- _WHAT TO PRODUCE_: Nothing below is to be printed except the lines between the line holding "cs = \<tau>" and the line holding "fix x assume", inclusive, each exactly as it appears.

- _STORED DATA_:
* * *

lemma exists_max_chi_child:
  assumes "u \<in> subtrees T" "is_inner u"
  obtains cs where "cs \<in> set (children u)"
    "\<forall>c\<in>set (children u). chi E (leaves c) \<le> chi E (leaves cs)"
proof -
  let ?chis = "(\<lambda>c. chi E (leaves c)) ` set (children u)"
  have "set (children u) \<noteq> {}"
    using wf_tree_length_children[OF wf_node[OF assms(1)] assms(2)] by auto
  then have "Max ?chis \<in> ?chis" by (intro Max_in) simp_all
  then obtain cs where "Max ?chis = chi E (leaves cs)" and cs: "cs \<in> set (children u)"
    by (rule imageE)
  then have "\<forall>c\<in>set (children u). chi E (leaves c) \<le> chi E (leaves cs)"
    by (metis Max_ge finite_imageI finite_set imageI)
  with cs show ?thesis by (rule that)
qed

lemma same_classes_at_union_node:
  assumes v: "v \<in> subtrees T" "is_inner v" "\<not> label v"
    and opt: "\<forall>u\<in>subtrees T. optimal_coloring E (leaves u) \<tau>"
    and classes: "\<forall>c\<in>set (children v). same_color_classes (leaves c) \<tau> \<sigma>"
  obtains \<sigma>' where "proc_step E \<sigma> v \<sigma>'" "same_color_classes (leaves v) \<tau> \<sigma>'"
proof -
  let ?P = "leaves ` set (children v)"
  obtain cs where cs: "cs \<in> set (children v)"
    and max: "\<forall>c\<in>set (children v). chi E (leaves c) \<le> chi E (leaves cs)"
    using exists_max_chi_child[OF v(1,2)] .
  have palette_cs: "\<tau> ` leaves cs = \<tau> ` leaves v"
    using optimal_coloring_union_max_part[OF finite_leaves _ partition_children[OF v(1,2)]
        no_edges_between_children[OF v(1,3)]] opt v(1) child_node[OF v(1) cs] cs max irreflexive
    by blast
  obtain G where G: "inj_on G (\<tau> ` leaves cs)" "\<forall>x\<in>leaves cs. \<sigma> x = G (\<tau> x)"
    using same_color_classes_renaming classes cs by blast
  \<comment> \<open>Every child is recoloured through \<open>\<tau>\<close>, whose palette on \<open>v\<close> is its palette on \<open>cs\<close>.\<close>
  have "\<forall>C\<in>?P. \<exists>\<phi>. inj_on \<phi> (\<sigma> ` C) \<and> \<phi> ` \<sigma> ` C \<subseteq> \<sigma> ` leaves cs \<and> (\<forall>x\<in>C. \<phi> (\<sigma> x) = G (\<tau> x))"
  proof
    fix C assume "C \<in> ?P"
    then have "same_color_classes C \<tau> \<sigma>" "\<tau> ` C \<subseteq> \<tau> ` leaves cs"
      using classes palette_cs leaves_child_subset by blast+
    then show "\<exists>\<phi>. inj_on \<phi> (\<sigma> ` C) \<and> \<phi> ` \<sigma> ` C \<subseteq> \<sigma> ` leaves cs \<and> (\<forall>x\<in>C. \<phi> (\<sigma> x) = G (\<tau> x))"
      using same_color_classes_recolor[OF _ _ G] by metis
  qed
  then obtain \<phi> where \<phi>: "\<forall>C\<in>?P. inj_on (\<phi> C) (\<sigma> ` C) \<and> \<phi> C ` \<sigma> ` C \<subseteq> \<sigma> ` leaves cs \<and>
      (\<forall>x\<in>C. \<phi> C (\<sigma> x) = G (\<tau> x))"
    by (metis bchoice)
  then have "\<forall>c\<in>set (children v). c \<noteq> cs \<longrightarrow>
      inj_on (\<phi> (leaves c)) (\<sigma> ` leaves c) \<and> \<phi> (leaves c) ` \<sigma> ` leaves c \<subseteq> \<sigma> ` leaves cs"
    by blast
  then obtain \<sigma>' where step: "proc_step E \<sigma> v \<sigma>'" and fixed: "\<forall>x\<in>leaves cs. \<sigma>' x = \<sigma> x"
    and recolored: "\<forall>c\<in>set (children v). c \<noteq> cs \<longrightarrow> (\<forall>x\<in>leaves c. \<sigma>' x = \<phi> (leaves c) (\<sigma> x))"
    by (rule proc_step_union_nodeI[OF v cs max])
  have "\<forall>x\<in>leaves v. \<sigma>' x = G (\<tau> x)"
  proof
    fix x assume "x \<in> leaves v"
    then obtain c where c: "c \<in> set (children v)" "x \<in> leaves c"
      using leaves_children[OF v(2)] by blast
    then show "\<sigma>' x = G (\<tau> x)" using fixed recolored G(2) \<phi> by (cases "c = cs") auto
  qed
  then have "same_color_classes (leaves v) \<tau> \<sigma>'"
    by (rule same_color_classes_if_renaming[OF G(1)[unfolded palette_cs]])
  with step show ?thesis by (rule that)
qed

lemma same_classes_invariant_step:
  assumes inj: "inj_on \<sigma>0 V" and opt: "\<forall>u\<in>subtrees T. optimal_coloring E (leaves u) \<tau>"
    and inv: "run_invariant \<sigma>0 D \<sigma>"
    and classes: "\<forall>u. settled D u \<longrightarrow> same_color_classes (leaves u) \<tau> \<sigma>"
    and ready: "ready D v"
  shows "\<exists>\<sigma>'. proc_step E \<sigma> v \<sigma>' \<and> run_invariant \<sigma>0 (insert v D) \<sigma>' \<and>
    (\<forall>u. settled (insert v D) u \<longrightarrow> same_color_classes (leaves u) \<tau> \<sigma>')"
proof -
  have v: "v \<in> subtrees T" "is_inner v" using ready unfolding ready_def by blast+
  let ?P = "leaves ` set (children v)"
  have children: "\<forall>c\<in>set (children v). same_color_classes (leaves c) \<tau> \<sigma>"
    using classes ready_child_settled[OF ready] by blast
  obtain \<sigma>' where step: "proc_step E \<sigma> v \<sigma>'" and at_v: "same_color_classes (leaves v) \<tau> \<sigma>'"
  proof (cases "label v")
    case True
    have "\<forall>A\<in>?P. same_color_classes A \<tau> \<sigma>" using children by blast
    moreover have "\<forall>A\<in>?P. \<forall>B\<in>?P. A \<noteq> B \<longrightarrow> \<tau> ` A \<inter> \<tau> ` B = {}"
      using proper_coloring_join_disjoint[OF _ partition_children[OF v]
          all_edges_between_children[OF v(1) True]] opt v(1)
      unfolding optimal_coloring_def by blast
    moreover have "\<forall>A\<in>?P. \<forall>B\<in>?P. A \<noteq> B \<longrightarrow> \<sigma> ` A \<inter> \<sigma> ` B = {}"
      using ready_children_colors_disjoint[OF inj inv ready] by blast
    ultimately have "same_color_classes (\<Union>?P) \<tau> \<sigma>"
      by (rule same_color_classes_Union)
    then have "same_color_classes (leaves v) \<tau> \<sigma>" using leaves_children[OF v(2)] by simp
    then show ?thesis using that True by (simp add: proc_step_join)
  next
    case False
    then show ?thesis using same_classes_at_union_node[OF v False opt children] that by blast
  qed
  have "same_color_classes (leaves u) \<tau> \<sigma>'" if "settled (insert v D) u" for u
    using that unfolding settled_insert
  proof
    assume "settled D u"
    then show ?thesis
      using classes ready_step_same_classes[OF inv ready step] same_color_classes_trans by blast
  qed (use at_v in simp)
  then show ?thesis using step run_invariant_step[OF inv ready step] by blast
qed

* * *

- _RESPONSE BELOW_:
  have palette_cs: "\<tau> ` leaves cs = \<tau> ` leaves v"
    using optimal_coloring_union_max_part[OF finite_leaves _ partition_children[OF v(1,2)]
        no_edges_between_children[OF v(1,3)]] opt v(1) child_node[OF v(1) cs] cs max irreflexive
    by blast
  obtain G where G: "inj_on G (\<tau> ` leaves cs)" "\<forall>x\<in>leaves cs. \<sigma> x = G (\<tau> x)"
    using same_color_classes_renaming classes cs by blast
  \<comment> \<open>Every child is recoloured through \<open>\<tau>\<close>, whose palette on \<open>v\<close> is its palette on \<open>cs\<close>.\<close>
  have "\<forall>C\<in>?P. \<exists>\<phi>. inj_on \<phi> (\<sigma> ` C) \<and> \<phi> ` \<sigma> ` C \<subseteq> \<sigma> ` leaves cs \<and> (\<forall>x\<in>C. \<phi> (\<sigma> x) = G (\<tau> x))"
  proof
    fix C assume "C \<in> ?P"
    then have "same_color_classes C \<tau> \<sigma>" "\<tau> ` C \<subseteq> \<tau> ` leaves cs"
      using classes palette_cs leaves_child_subset by blast+
    then show "\<exists>\<phi>. inj_on \<phi> (\<sigma> ` C) \<and> \<phi> ` \<sigma> ` C \<subseteq> \<sigma> ` leaves cs \<and> (\<forall>x\<in>C. \<phi> (\<sigma> x) = G (\<tau> x))"
      using same_color_classes_recolor[OF _ _ G] by metis
  qed
  then obtain \<phi> where \<phi>: "\<forall>C\<in>?P. inj_on (\<phi> C) (\<sigma> ` C) \<and> \<phi> C ` \<sigma> ` C \<subseteq> \<sigma> ` leaves cs \<and>
      (\<forall>x\<in>C. \<phi> C (\<sigma> x) = G (\<tau> x))"
    by (metis bchoice)
  then have "\<forall>c\<in>set (children v). c \<noteq> cs \<longrightarrow>
      inj_on (\<phi> (leaves c)) (\<sigma> ` leaves c) \<and> \<phi> (leaves c) ` \<sigma> ` leaves c \<subseteq> \<sigma> ` leaves cs"
    by blast
  then obtain \<sigma>' where step: "proc_step E \<sigma> v \<sigma>'" and fixed: "\<forall>x\<in>leaves cs. \<sigma>' x = \<sigma> x"
    and recolored: "\<forall>c\<in>set (children v). c \<noteq> cs \<longrightarrow> (\<forall>x\<in>leaves c. \<sigma>' x = \<phi> (leaves c) (\<sigma> x))"
    by (rule proc_step_union_nodeI[OF v cs max])
  have "\<forall>x\<in>leaves v. \<sigma>' x = G (\<tau> x)"
  proof
    fix x assume "x \<in> leaves v"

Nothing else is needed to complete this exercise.